One of America's oldest developers of shopping malls still sees a bright future for malls, even after last year's pandemic shutdowns and subsequent retail closings forced the developer to file for bankruptcy in November 2020.
CBL Properties Inc., the Chattanooga-based retail developer that emerged from bankruptcy this week after trimming its holdings and debt, unveiled a new website Monday urging Americans to "meet us at the mall."
Stephen Lebovitz, the CEO of CBL and son of company founder Charles B. Lebovitz, said CBL's malls remain vibrant town centers for business activity.
"CBL is redefining what the mall means to our communities by combining retail, dining, entertainment and other mixed uses," Lebovitz said, quoting the company's new website. "The redefinition of the mall is really at the core of our strategy. It's still a mall, but it's different than the traditional mall because of all of the other uses that are being added."
After shedding some properties and restructuring debt under the protection of the U.S. Bankruptcy Court in Texas over the past year, Lebovitz said CBL "is definitely in a growth mode, and we're excited to now be in a position to grow and to look for opportunities to grow our portfolio."
Investors in CBL seemed to share at least some of Lebovitz's optimism about the outlook for malls by bidding up the stock value for CBL after it was relisted on the New York Stock Exchange on Tuesday following a yearlong absence.
CBL by the numbers
— 104 properties, including 63 malls, outlets and open-air centers.
— 63.8 million square feet of building space.

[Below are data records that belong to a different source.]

lemma closest_point_eq_0_inner_nonpos:
  fixes a :: "'a::euclidean_space"
  assumes "convex C" "closed C" "\<nu> \<in> C" "closest_point C a = 0"
  shows "a \<bullet> \<nu> \<le> 0"
  using closest_point_dot[OF assms(1-3), of a] assms(4) by simp

locale interpolation_data =
  fixes L :: real and I :: "'i set" and x g :: "'i \<Rightarrow> 'a::euclidean_space"
    and f :: "'i \<Rightarrow> real" and C :: "'a set"
  assumes L_pos: "L > 0" and finite_I: "finite I" and I_nonempty: "I \<noteq> {}"
    and closed_C: "closed C" and convex_C: "convex C" and zero_in_C: "0 \<in> C"
begin

definition node :: "'i \<Rightarrow> 'a \<times> real" where
  "node k = (x k - (1 / L) *\<^sub>R g k, f k - 1 / (2 * L) * (norm (g k))\<^sup>2)"

definition model_set :: "('a \<times> real) set" where
  "model_set = (\<lambda>(q, \<nu>). (fst q - \<nu>, snd q)) ` ((convex hull (node ` I)) \<times> C)"

lemma w_T_eq_env_obj:
  "w_T L I x g f y \<nu> \<alpha> = env_obj L y (fst (\<Sum>k\<in>I. \<alpha> k *\<^sub>R node k) - \<nu>, snd (\<Sum>k\<in>I. \<alpha> k *\<^sub>R node k))"
  unfolding w_T_def env_obj_def node_def by (simp add: fst_sum snd_sum algebra_simps)

lemma mem_model_set_iff:
  "k \<in> model_set \<longleftrightarrow> (\<exists>q\<in>convex hull (node ` I). \<exists>\<nu>\<in>C. k = (fst q - \<nu>, snd q))"
  unfolding model_set_def by auto

lemma model_set_parametrization:
  "model_set = {(fst (\<Sum>k\<in>I. \<alpha> k *\<^sub>R node k) - \<nu>, snd (\<Sum>k\<in>I. \<alpha> k *\<^sub>R node k))
      | \<nu> \<alpha>. \<nu> \<in> C \<and> \<alpha> \<in> simplex_idx I}"
proof (intro equalityI subsetI)
  fix k assume "k \<in> model_set"
  then obtain q \<nu> where "q \<in> convex hull (node ` I)" "\<nu> \<in> C" "k = (fst q - \<nu>, snd q)"
    unfolding mem_model_set_iff by blast
  moreover obtain \<alpha> where "\<alpha> \<in> simplex_idx I" "q = (\<Sum>k\<in>I. \<alpha> k *\<^sub>R node k)"
    using \<open>q \<in> convex hull (node ` I)\<close> unfolding convex_hull_indexed_finite[OF finite_I] by blast
  ultimately show "k \<in> {(fst (\<Sum>k\<in>I. \<alpha> k *\<^sub>R node k) - \<nu>, snd (\<Sum>k\<in>I. \<alpha> k *\<^sub>R node k))
      | \<nu> \<alpha>. \<nu> \<in> C \<and> \<alpha> \<in> simplex_idx I}" by blast
next
  fix k assume "k \<in> {(fst (\<Sum>k\<in>I. \<alpha> k *\<^sub>R node k) - \<nu>, snd (\<Sum>k\<in>I. \<alpha> k *\<^sub>R node k))
      | \<nu> \<alpha>. \<nu> \<in> C \<and> \<alpha> \<in> simplex_idx I}"
  then obtain \<alpha> \<nu> where "\<alpha> \<in> simplex_idx I" "\<nu> \<in> C"
      "k = (fst (\<Sum>k\<in>I. \<alpha> k *\<^sub>R node k) - \<nu>, snd (\<Sum>k\<in>I. \<alpha> k *\<^sub>R node k))"
    by blast
  then show "k \<in> model_set"
    unfolding model_set_def convex_hull_indexed_finite[OF finite_I]
    by (intro image_eqI[of _ _ "(\<Sum>k\<in>I. \<alpha> k *\<^sub>R node k, \<nu>)"]) auto
qed

lemma w_T_values:
  "{w_T L I x g f y \<nu> \<alpha> | \<nu> \<alpha>. \<nu> \<in> C \<and> \<alpha> \<in> simplex_idx I} = env_obj L y ` model_set"
  unfolding model_set_parametrization w_T_eq_env_obj by blast

lemma W_T_eq_quad_envelope: "W_T L I x g f C = quad_envelope L model_set"
  unfolding W_T_def quad_envelope_def w_T_values by (rule refl)

lemma quad_envelope_setting_model_set: "quad_envelope_setting L model_set"
proof
  show "convex model_set"
    unfolding model_set_def by (rule convex_minus_image[OF convex_convex_hull convex_C])
  show "\<exists>k. is_env_minimizer L model_set y k" for y
    unfolding model_set_def using finite_I I_nonempty closed_C zero_in_C L_pos
    by (intro env_minimizer_exists_compact_minus_closed compact_convex_hull finite_imp_compact) auto
qed (rule L_pos)

lemma W_T_minimum_attained:
  "\<exists>\<nu>\<in>C. \<exists>\<alpha>\<in>simplex_idx I. w_T L I x g f y \<nu> \<alpha> = W_T L I x g f C y
     \<and> (\<forall>\<nu>'\<in>C. \<forall>\<alpha>'\<in>simplex_idx I. w_T L I x g f y \<nu> \<alpha> \<le> w_T L I x g f y \<nu>' \<alpha>')"
proof -
  interpret quad_envelope_setting L model_set by (rule quad_envelope_setting_model_set)
  obtain k where min: "is_env_minimizer L model_set y k"
    using minimizer_exists by blast
  then obtain \<nu> \<alpha> where "\<nu> \<in> C" "\<alpha> \<in> simplex_idx I" and "w_T L I x g f y \<nu> \<alpha> = env_obj L y k"
    unfolding is_env_minimizer_def model_set_parametrization w_T_eq_env_obj by blast
  moreover have "env_obj L y k \<le> w_T L I x g f y \<nu>' \<alpha>'" if "\<nu>' \<in> C" "\<alpha>' \<in> simplex_idx I" for \<nu>' \<alpha>'
    using min that unfolding is_env_minimizer_def model_set_parametrization w_T_eq_env_obj by blast
  moreover have "env_obj L y k = W_T L I x g f C y"
    using quad_envelope_eq[OF min] by (simp add: W_T_eq_quad_envelope)
  ultimately show ?thesis by metis
qed

text \<open>Affine in node j, so that it passes to the convex hull of the nodes.\<close>
lemma node_gap:
  assumes "1 / (2 * L) * (norm (g i - g j))\<^sup>2 \<le> f j - f i - g i \<bullet> (x j - x i)"
  shows "f i - (norm (g i))\<^sup>2 / (2 * L) - g i \<bullet> fst (node i) \<le> (- g i, 1) \<bullet> node j"
proof -
  have "(norm (g i - g j))\<^sup>2 = (norm (g i))\<^sup>2 - 2 * (g i \<bullet> g j) + (norm (g j))\<^sup>2"
    unfolding power2_norm_eq_inner by (simp add: inner_diff_left inner_diff_right inner_commute)
  then have "1 / (2 * L) * (norm (g i - g j))\<^sup>2
      = (norm (g i))\<^sup>2 / (2 * L) - (g i \<bullet> g j) / L + (norm (g j))\<^sup>2 / (2 * L)"
    using L_pos by (simp add: field_simps)
  moreover have "g i \<bullet> fst (node i) = g i \<bullet> x i - (norm (g i))\<^sup>2 / L"
    by (simp add: node_def inner_diff_right power2_norm_eq_inner)
  moreover have "(- g i, 1) \<bullet> node j = - (g i \<bullet> x j) + (g i \<bullet> g j) / L + f j - (norm (g j))\<^sup>2 / (2 * L)"
    by (simp add: node_def inner_diff_right)
  ultimately show ?thesis
    using assms by (simp add: inner_diff_right)
qed

lemma node_gap_convex_hull:
  assumes "\<forall>j\<in>I. 1 / (2 * L) * (norm (g i - g j))\<^sup>2 \<le> f j - f i - g i \<bullet> (x j - x i)"
    and "q \<in> convex hull (node ` I)"
  shows "f i - (norm (g i))\<^sup>2 / (2 * L) - g i \<bullet> fst (node i) \<le> (- g i, 1) \<bullet> q"
proof -
  have "node ` I \<subseteq> {q. f i - (norm (g i))\<^sup>2 / (2 * L) - g i \<bullet> fst (node i) \<le> (- g i, 1) \<bullet> q}"
    using assms(1) node_gap by blast
  then have "convex hull (node ` I)
      \<subseteq> {q. f i - (norm (g i))\<^sup>2 / (2 * L) - g i \<bullet> fst (node i) \<le> (- g i, 1) \<bullet> q}"
    by (simp add: hull_minimal convex_halfspace_ge)
  then show ?thesis
    using assms(2) by blast
qed

lemma env_obj_at_data_point:
  "env_obj L (x i) k = (norm (g i))\<^sup>2 / (2 * L) + g i \<bullet> (fst (node i) - fst k)
     + L / 2 * (norm (fst (node i) - fst k))\<^sup>2 + snd k"
proof -
  define e where "e = fst (node i) - fst k"
  have "x i - fst k = (1 / L) *\<^sub>R g i + e"
    by (simp add: e_def node_def)
  moreover have "(norm ((1 / L) *\<^sub>R g i + e))\<^sup>2 = (norm (g i))\<^sup>2 / L\<^sup>2 + 2 * ((g i \<bullet> e) / L) + (norm e)\<^sup>2"
    unfolding power2_norm_add using L_pos by (simp add: power_divide)
  ultimately have "env_obj L (x i) k = L / 2 * ((norm (g i))\<^sup>2 / L\<^sup>2 + 2 * ((g i \<bullet> e) / L) + (norm e)\<^sup>2) + snd k"
    unfolding env_obj_def by simp
  also have "\<dots> = (norm (g i))\<^sup>2 / (2 * L) + g i \<bullet> e + L / 2 * (norm e)\<^sup>2 + snd k"
    using L_pos by (simp add: field_simps power2_eq_square)
  finally show ?thesis
    unfolding e_def .
qed

lemma env_obj_node: "env_obj L (x k) (node k) = f k"
  unfolding env_obj_def node_def using L_pos by (simp add: power_divide field_simps power2_eq_square)
text \<open>Elements of the bidual l1'' = (l_inf)': continuous linear functionals on l_inf
  (only their values on l_inf matter).\<close>

definition l1_bidual :: "((nat \<Rightarrow> real) \<Rightarrow> real) \<Rightarrow> bool" where
  "l1_bidual z \<longleftrightarrow>
     (\<forall>f\<in>linf. \<forall>g\<in>linf. z (\<lambda>n. f n + g n) = z f + z g) \<and>
     (\<forall>f\<in>linf. \<forall>c. z (\<lambda>n. c * f n) = c * z f) \<and>
     (\<exists>C. \<forall>f\<in>linf. \<bar>z f\<bar> \<le> C * supnorm f)"

definition c0_perp :: "((nat \<Rightarrow> real) \<Rightarrow> real) \<Rightarrow> bool" where
  "c0_perp z \<longleftrightarrow> l1_bidual z \<and> (\<forall>f\<in>c0. z f = 0)"

definition pair :: "(nat \<Rightarrow> real) \<Rightarrow> (nat \<Rightarrow> real) \<Rightarrow> real" where
  "pair x f = (\<Sum>n. x n * f n)"

text \<open>Nets are represented by
  (proper) filters on l1: a net (x_alpha) corresponds to its image filter, and all the
  iterated limits in the Aron-Berner definition only depend on this image filter.\<close>

definition wstar_conv :: "(nat \<Rightarrow> real) filter \<Rightarrow> ((nat \<Rightarrow> real) \<Rightarrow> real) \<Rightarrow> bool" where
  "wstar_conv F z \<longleftrightarrow> F \<noteq> bot \<and> (\<forall>\<^sub>F x in F. x \<in> l1) \<and>
     (\<forall>f\<in>linf. ((\<lambda>x. pair x f) \<longlongrightarrow> z f) F)"

definition trilinear_l1 :: "((nat \<Rightarrow> real) \<Rightarrow> (nat \<Rightarrow> real) \<Rightarrow> (nat \<Rightarrow> real) \<Rightarrow> real) \<Rightarrow> bool" where
  "trilinear_l1 A \<longleftrightarrow>
    (\<forall>x\<in>l1. \<forall>x'\<in>l1. \<forall>y\<in>l1. \<forall>u\<in>l1. \<forall>c::real.
        A (\<lambda>n. x n + x' n) y u = A x y u + A x' y u \<and> A (\<lambda>n. c * x n) y u = c * A x y u \<and>
        A y (\<lambda>n. x n + x' n) u = A y x u + A y x' u \<and> A y (\<lambda>n. c * x n) u = c * A y x u \<and>
        A y u (\<lambda>n. x n + x' n) = A y u x + A y u x' \<and> A y u (\<lambda>n. c * x n) = c * A y u x)"

definition cont_sym_trilinear_l1 :: "((nat \<Rightarrow> real) \<Rightarrow> (nat \<Rightarrow> real) \<Rightarrow> (nat \<Rightarrow> real) \<Rightarrow> real) \<Rightarrow> bool" where
  "cont_sym_trilinear_l1 A \<longleftrightarrow> trilinear_l1 A \<and>
    (\<exists>C. \<forall>x\<in>l1. \<forall>y\<in>l1. \<forall>u\<in>l1. \<bar>A x y u\<bar> \<le> C * l1norm x * l1norm y * l1norm u) \<and>
    (\<forall>x\<in>l1. \<forall>y\<in>l1. \<forall>u\<in>l1. A x y u = A y x u \<and> A x y u = A x u y)"

text \<open>"The Aron-Berner extension of A takes the value w at (z1,z2,z3)": for all nets
  weak-star converging to z1, z2, z3, the iterated limits (last variable first) exist
  and the outermost one equals w.\<close>

definition AB_ext_value ::
  "((nat \<Rightarrow> real) \<Rightarrow> (nat \<Rightarrow> real) \<Rightarrow> (nat \<Rightarrow> real) \<Rightarrow> real) \<Rightarrow>
   ((nat \<Rightarrow> real) \<Rightarrow> real) \<Rightarrow> ((nat \<Rightarrow> real) \<Rightarrow> real) \<Rightarrow> ((nat \<Rightarrow> real) \<Rightarrow> real) \<Rightarrow> real \<Rightarrow> bool" where
  "AB_ext_value A z1 z2 z3 w \<longleftrightarrow>
    (\<forall>F1 F2 F3. wstar_conv F1 z1 \<and> wstar_conv F2 z2 \<and> wstar_conv F3 z3 \<longrightarrow>
       (\<forall>x\<in>l1. \<forall>y\<in>l1. \<exists>L. ((\<lambda>u. A x y u) \<longlongrightarrow> L) F3) \<and>
       (\<forall>x\<in>l1. \<exists>M. ((\<lambda>y. Lim F3 (\<lambda>u. A x y u)) \<longlongrightarrow> M) F2) \<and>
       ((\<lambda>x. Lim F2 (\<lambda>y. Lim F3 (\<lambda>u. A x y u))) \<longlongrightarrow> w) F1)"

end

theory Submission
  imports Defs
begin

text \<open>
  A is the symmetrisation of the form sum over i < j < m of a i b j c m x i y j u m.
  A bounded linear functional on l1 is the pairing with its values at the unit vectors e k,
  so along a net weak-star converging to z3 the map u \<mapsto> A(x, y, u) tends to z3 applied to
  k \<mapsto> A(x, y, e k). This sequence is c k times a convergent sequence plus a null sequence;
  as z3 annihilates c0, the limit is z3(c) S(x, y), where S is the symmetrisation of the form
  sum over i < j of a i b j x i y j.
\<close>

definition unit_vec :: "nat \<Rightarrow> nat \<Rightarrow> real" where
  "unit_vec k = (\<lambda>n. if n = k then 1 else 0)"

definition l1_tail :: "(nat \<Rightarrow> real) \<Rightarrow> nat \<Rightarrow> real" where
  "l1_tail x k = (\<Sum>n. \<bar>x (n + k)\<bar>)"

definition pair_upto :: "(nat \<Rightarrow> real) \<Rightarrow> (nat \<Rightarrow> real) \<Rightarrow> nat \<Rightarrow> real" where
  "pair_upto x f m = (\<Sum>j<m. x j * f j)"

lemma linfI: "(\<And>n. \<bar>f n\<bar> \<le> M) \<Longrightarrow> f \<in> linf"
  unfolding linf_def by blast

lemma l1_dominated: "x \<in> l1 \<Longrightarrow> (\<And>n. \<bar>y n\<bar> \<le> \<bar>x n\<bar>) \<Longrightarrow> y \<in> l1"
  unfolding l1_def by (auto intro!: summable_comparison_test[where g="\<lambda>n. \<bar>x n\<bar>"])

lemma l1_scale: "x \<in> l1 \<Longrightarrow> (\<lambda>n. r * x n) \<in> l1"
  unfolding l1_def by (auto simp: abs_mult intro: summable_mult)
theorem mainTheorem14:
  fixes M :: "'w measure"
    and E :: "'w \<Rightarrow> nat \<Rightarrow> nat \<Rightarrow> bool" and D :: "'w \<Rightarrow> nat \<Rightarrow> nat" and \<phi> :: "'w \<Rightarrow> nat"
    and N :: "nat \<Rightarrow> nat" and A :: "nat \<Rightarrow> nat \<Rightarrow> nat \<Rightarrow> bool"
    and c \<alpha> \<epsilon> :: real
  assumes "prob_space M"
    and meas_E: "\<And>i j. {\<omega>\<in>space M. E \<omega> i j} \<in> sets M"
    and meas_D: "\<And>j m. {\<omega>\<in>space M. D \<omega> j = m} \<in> sets M"
    and meas_phi: "\<And>i. {\<omega>\<in>space M. \<phi> \<omega> = i} \<in> sets M"
    and locfin: "\<And>\<omega> j. \<omega> \<in> space M \<Longrightarrow> finite {i. E \<omega> i j}"
    and outdeg_pos: "\<And>\<omega> j. \<omega> \<in> space M \<Longrightarrow> D \<omega> j \<ge> 1"
    and lwl: "local_weak_limit M E D \<phi> N A"
    and c: "0 < c" "c < 1"
    and \<alpha>: "\<alpha> > 0" and \<epsilon>: "\<epsilon> > 0"
    and hyp: "(\<lambda>k::real. measure M {\<omega>\<in>space M. real (indeg (E \<omega>) (\<phi> \<omega>)) > k \<and>
                 real (indeg_ge (E \<omega>) (D \<omega>) \<alpha> (\<phi> \<omega>)) \<ge> (1 - \<epsilon>) * real (indeg (E \<omega>) (\<phi> \<omega>))})
              \<in> o(\<lambda>k::real. measure M {\<omega>\<in>space M. real (indeg (E \<omega>) (\<phi> \<omega>)) > k})"
  shows "\<exists>h :: real \<Rightarrow> real. (h \<longlongrightarrow> 0) at_top \<and>
           (\<forall>\<^sub>F k in at_top.
              measure M {\<omega>\<in>space M. root_pagerank c (E \<omega>) (D \<omega>) (\<phi> \<omega>) > ennreal k}
              \<ge> (1 + h k) * measure M {\<omega>\<in>space M.
                     real (indeg (E \<omega>) (\<phi> \<omega>)) > \<alpha> * k / (\<epsilon> * c * (1 - c))})"
proof -
  have "(\<lambda>\<omega>. E \<omega> i j) \<in> measurable M (count_space UNIV)" for i j
    using meas_E[of i j] by (simp add: Measurable.pred_def)
  then interpret random_rooted_digraph M E D \<phi>
    using \<open>prob_space M\<close> meas_D meas_phi locfin outdeg_pos
    by (intro random_rooted_digraph.intro random_marked_digraph.intro random_rooted_digraph_axioms.intro
        measurable_count_space_if_level_sets) auto
  have "filterlim (\<lambda>k. \<alpha> / (\<epsilon> * c * (1 - c)) * k) at_top at_top"
    using \<alpha> \<epsilon> c by (intro filterlim_tendsto_pos_mult_at_top[OF tendsto_const _ filterlim_ident]) simp
  then have "filterlim (\<lambda>k. \<alpha> * k / (\<epsilon> * c * (1 - c))) at_top at_top" by simp
  moreover have "\<forall>\<^sub>F k in at_top.
      0 \<le> prob {\<omega>\<in>space M. root_pagerank c (E \<omega>) (D \<omega>) (\<phi> \<omega>) > ennreal k} \<and>
      prob {\<omega>\<in>space M. real (indeg (E \<omega>) (\<phi> \<omega>)) > \<alpha> * k / (\<epsilon> * c * (1 - c))}
      - prob {\<omega>\<in>space M. real (indeg (E \<omega>) (\<phi> \<omega>)) > \<alpha> * k / (\<epsilon> * c * (1 - c)) \<and>
          real (indeg_ge (E \<omega>) (D \<omega>) \<alpha> (\<phi> \<omega>)) \<ge> (1 - \<epsilon>) * real (indeg (E \<omega>) (\<phi> \<omega>))}
      \<le> prob {\<omega>\<in>space M. root_pagerank c (E \<omega>) (D \<omega>) (\<phi> \<omega>) > ennreal k}"
    using prob_root_pagerank_gt_ge[OF c \<alpha> \<epsilon>]
    by (intro eventually_mono[OF eventually_ge_at_top[of 0]] conjI measure_nonneg)
  ultimately show ?thesis
    using lower_bound_up_to_smallo[OF hyp] by (simp add: mult.commute)
qed

end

— 45 developments completed since 2015.
— $30 closing stock price on the New York Stock Exchange, double the initial price set in the bankruptcy reorganization plan.
CBL's relisted stock opened Tuesday at $26.25 per share, well above the equity price set in the company's bankruptcy reorganization plan of $15 a share, and rose as high as $43.50 during intraday trading before closing the day at $30 per share.
"We're pleased but we're not surprised," Lebovitz said. "We think the market recognizes the value that we created through the restructuring with the elimination of some debt, the lowering of interest costs and the cash that we retained. We're also seeing improving fundamentals in our business that have occurred with the sales growth by our retailers and better occupancy and traffic at the malls."
Nationwide, more than 9,300 U.S. stores closed in 2019, and more than 8,300 stores shut down last year, according to the research firm Coresight. But the pace of retail closings has dropped this year, and many mall properties and tenants are adapting to the market with more online and pick-up sales for retailers and more restaurant, entertainment and medical uses of the properties.
"We'll continue to diversify different offerings to the consumer," Lebovitz said. "But at the end of the day, we're still very focused on being at the heart of our community. And our malls have that critical mass that they offer local communities."
Lebovitz, whose grandfather Moses began building shopping malls six decades ago, said malls remain important gathering spots where people can shop, eat, work and receive an array of services. Hamilton Place mall in Chattanooga, for instance, repurposed its Sears department store after its closing to make room for an Aloft hotel, a Cheesecake Factory restaurant and a Dick's Sporting Goods store, among other uses.
Lebovitz said CBL properties like Hamilton Place are well located and well known, and with CBL's expertise and experience, the company has a bright future. Despite the concerns and uncertainty by many when the company filed for a Chapter 11 bankruptcy reorganization plan in November 2020, Lebovitz said CBL managed to keep its team and expertise through the restructuring.
"We are extremely fortunate to have the type of team that has the loyalty, dedication and commitment to CBL to keep very focused on doing their jobs even with all of the distractions that were natural from the bankruptcy process," he said.